А дома ждали слезы радости, расспросы, подарки и парадный обед, во время которого за здоровье будущего ученого пили шипучий хлебный квас. Только несколько дней спустя я вспомнил обещание отца, — раскупорить наполеоновский коньяк в день моего поступления в гимназию. Но момент был упущен, волнение в доме уже улеглось, и отец сказал:
— Знаешь, теперь не стоит. Подождем другого торжественного случая. Вот будет наша серебряная свадьба… Тогда и откроем.
— Хорошо, только покажи бутылку, — попросил я.

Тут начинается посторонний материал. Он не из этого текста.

lemma integral_abs_le_energy:
  fixes F \<omega> :: "real \<Rightarrow> real"
  assumes E: "E_energy h u du dw ddw = ennreal e" "e \<ge> 0" and sub: "{\<alpha>..\<beta>} \<subseteq> {0<..<1}"
    and F: "F absolutely_integrable_on {\<alpha>..\<beta>}"
    and \<omega>: "continuous_on {\<alpha>..\<beta>} \<omega>" "\<And>r. r \<in> {\<alpha>..\<beta>} \<Longrightarrow> \<omega> r > 0"
    and dom: "\<And>r. r \<in> {\<alpha>..\<beta>} \<Longrightarrow> \<omega> r * (F r)\<^sup>2 \<le> energy_density h u du dw ddw r"
    and \<kappa>: "\<kappa> > 0"
  shows "integral {\<alpha>..\<beta>} (\<lambda>r. \<bar>F r\<bar>)
    \<le> \<kappa> / 2 * e + 1 / (2 * \<kappa>) * integral {\<alpha>..\<beta>} (\<lambda>r. 1 / \<omega> r)"
proof -
  have meas: "(\<lambda>r. \<omega> r * (F r)\<^sup>2) \<in> borel_measurable (lebesgue_on {\<alpha>..\<beta>})"
  proof -
    have "F \<in> borel_measurable (lebesgue_on {\<alpha>..\<beta>})"
      using F absolutely_integrable_measurable[of "{\<alpha>..\<beta>}"] by auto
    moreover have "\<omega> \<in> borel_measurable (lebesgue_on {\<alpha>..\<beta>})"
      using \<omega>(1) by (intro continuous_imp_measurable_on_sets_lebesgue) auto
    ultimately show ?thesis by (intro borel_measurable_times borel_measurable_power)
  qed
  have dom': "0 \<le> \<omega> r * (F r)\<^sup>2 \<and> \<omega> r * (F r)\<^sup>2 \<le> energy_density h u du dw ddw r"
    if "r \<in> {\<alpha>..\<beta>}" for r
    using dom[OF that] \<omega>(2)[OF that] by simp
  have \<omega>F_int: "(\<lambda>r. \<omega> r * (F r)\<^sup>2) integrable_on {\<alpha>..\<beta>}"
    using integral_le_E_energy(1)[OF E sub meas dom'] set_lebesgue_integral_eq_integral(1) by blast
  have \<omega>F_le: "integral {\<alpha>..\<beta>} (\<lambda>r. \<omega> r * (F r)\<^sup>2) \<le> e"
    by (rule integral_le_E_energy(2)[OF E sub meas dom'])
  have inv_int: "(\<lambda>r. 1 / \<omega> r) integrable_on {\<alpha>..\<beta>}"
  proof -
    have "\<forall>r\<in>{\<alpha>..\<beta>}. \<omega> r \<noteq> 0" using \<omega>(2) by (metis less_irrefl)
    then show ?thesis using \<omega>(1) by (intro integrable_continuous_real continuous_intros)
  qed
  have "integral {\<alpha>..\<beta>} (\<lambda>r. \<bar>F r\<bar>)
      \<le> integral {\<alpha>..\<beta>} (\<lambda>r. \<kappa> / 2 * (\<omega> r * (F r)\<^sup>2) + 1 / (2 * \<kappa>) * (1 / \<omega> r))"
  proof (rule integral_le)
    show "(\<lambda>r. \<bar>F r\<bar>) integrable_on {\<alpha>..\<beta>}"
      using F by (simp add: absolutely_integrable_on_def)
    show "(\<lambda>r. \<kappa> / 2 * (\<omega> r * (F r)\<^sup>2) + 1 / (2 * \<kappa>) * (1 / \<omega> r)) integrable_on {\<alpha>..\<beta>}"
      by (intro integrable_add integrable_on_mult_right \<omega>F_int inv_int)
    fix r assume r: "r \<in> {\<alpha>..\<beta>}"
    have "\<kappa> * \<omega> r > 0" using \<kappa> \<omega>(2)[OF r] by simp
    from abs_le_AM_GM[OF this, of "F r"]
    show "\<bar>F r\<bar> \<le> \<kappa> / 2 * (\<omega> r * (F r)\<^sup>2) + 1 / (2 * \<kappa>) * (1 / \<omega> r)"
      by (simp add: field_simps)
  qed
  also have "\<dots> = integral {\<alpha>..\<beta>} (\<lambda>r. \<kappa> / 2 * (\<omega> r * (F r)\<^sup>2))
      + integral {\<alpha>..\<beta>} (\<lambda>r. 1 / (2 * \<kappa>) * (1 / \<omega> r))"
    by (intro integral_add integrable_on_mult_right \<omega>F_int inv_int)
  also have "\<dots> = \<kappa> / 2 * integral {\<alpha>..\<beta>} (\<lambda>r. \<omega> r * (F r)\<^sup>2)
      + 1 / (2 * \<kappa>) * integral {\<alpha>..\<beta>} (\<lambda>r. 1 / \<omega> r)"
    by (simp only: integral_mult_right)
  also have "\<dots> \<le> \<kappa> / 2 * e + 1 / (2 * \<kappa>) * integral {\<alpha>..\<beta>} (\<lambda>r. 1 / \<omega> r)"
    using \<omega>F_le \<kappa> by simp
  finally show ?thesis .
qed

Отец вынул из комода коробку, завернутую в полотенце, чтобы предохранить коньяк от случайного удара, и бережно его развернул. Внутри, на вате, важно возлежала пыльная бутылка, с приставшей к ней соломинкой и паутинкой, со всеми внешними атрибутами давности и с сургучной нетронутой печатью. Я уже прочел «Войну и мир», бредил Наполеоном и подумал, что это — тот самый коньяк, который, быть может, возили за Императором в его походном поставце. Это была почти история, первая историческая реликвия, которую я увидел в жизни. Должно быть, нечто вроде этого чувствовал и отец, ибо он вполголоса запел: «Знамена победно шумят, тут выйдет к тебе Император, из гроба твой верный солдат!».
И бутылка с теми же предосторожностями снова была спрятана в комод.
* * *Постепенно этот наполеоновский коньяк превратился в символ будущего, очень важного и счастливого события в нашей жизни. Мы думали о реликвии даже с некоторым суеверием, и временами нам начинало казаться, что коньяк этот, хранившийся так много лет, искушавший несколько поколений, никогда открыт не будет и что на него не поднимется кощунственная рука.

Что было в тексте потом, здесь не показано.